lemma degree_map_poly_red:
  "lead_coeff f \<noteq> 0 \<Longrightarrow> v (lead_coeff f) = 0 \<Longrightarrow> degree (map_poly red f) = degree f"
  using val_unit_iff[of "lead_coeff f"] red_eq_0_iff[of "lead_coeff f"] by (intro map_poly_degree_eq) auto

end

section \<open>Finiteness of the residue rings of \<open>A\<close>\<close>

definition prime_field :: "'a::ring_1 set" where
  "prime_field = range of_int"

lemma prime_field_of_int [simp]: "of_int c \<in> prime_field"
  by (simp add: prime_field_def)

lemma prime_field_0 [simp]: "0 \<in> prime_field"
  and prime_field_1 [simp]: "1 \<in> prime_field"
  using prime_field_of_int[of 0] prime_field_of_int[of 1] by simp_all

lemma prime_field_closed:
  assumes "x \<in> prime_field" "y \<in> prime_field"
  shows "x + y \<in> prime_field" "x * y \<in> prime_field" "- x \<in> prime_field"
proof -
  obtain a b where "x = of_int a" "y = of_int b"
    using assms by (auto simp: prime_field_def)
  then show "x + y \<in> prime_field" "x * y \<in> prime_field" "- x \<in> prime_field"
    using prime_field_of_int[of "a + b"] prime_field_of_int[of "a * b"] prime_field_of_int[of "- a"]
    by simp_all
qed

lemma finite_prime_field:
  assumes "CHAR('a::ring_1) > 0"
  shows "finite (prime_field :: 'a set)"
proof -
  have mod: "(of_int c :: 'a) = of_int (c mod int CHAR('a))" for c
  proof -
    have "int CHAR('a) dvd c - c mod int CHAR('a)"
      by (simp add: minus_mod_eq_mult_div)
    then have "(of_int (c - c mod int CHAR('a)) :: 'a) = 0"
      by (simp only: of_int_eq_0_iff_char_dvd)
    then show ?thesis
      by simp
  qed
  have "(prime_field :: 'a set) \<subseteq> of_int ` {0..<int CHAR('a)}"
  proof
    fix x :: 'a assume "x \<in> prime_field"
    then obtain c where "x = of_int c"
      by (auto simp: prime_field_def)
    moreover have "c mod int CHAR('a) \<in> {0..<int CHAR('a)}"
      using assms by simp
    ultimately show "x \<in> of_int ` {0..<int CHAR('a)}"
      using mod by blast
  qed
  then show ?thesis
    using finite_subset by blast
qed

lemma prime_field_inverse:
  assumes "prime CHAR('a::ring_1)" and "(x::'a) \<in> prime_field" "x \<noteq> 0"
  shows "\<exists>u\<in>prime_field. u * x = 1"
proof -
  obtain c where c: "x = of_int c"
    using assms(2) by (auto simp: prime_field_def)
  have "\<not> int CHAR('a) dvd c"
    using assms(3) c by (simp only: of_int_eq_0_iff_char_dvd[symmetric]) simp
  then have "coprime (int CHAR('a)) c"
    using assms(1) by (simp add: prime_imp_coprime)
  then obtain u w where uw: "u * int CHAR('a) + w * c = 1"
    using bezout_int[of "int CHAR('a)" c] by auto
  have "(of_int (u * int CHAR('a)) :: 'a) = 0"
    by (simp only: of_int_eq_0_iff_char_dvd) simp
  moreover have "(of_int (u * int CHAR('a) + w * c) :: 'a) = 1"
    using uw by simp
  ultimately have "of_int w * x = (1::'a)"
    unfolding c of_int_add of_int_mult[of w] by simp
  then show ?thesis
    using prime_field_of_int by blast
qed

_Task requirements_
If a line in the entries contains "blast", copy it.

_Result of this exercise_
      using mod by blast
    using finite_subset by blast
    using prime_field_of_int by blast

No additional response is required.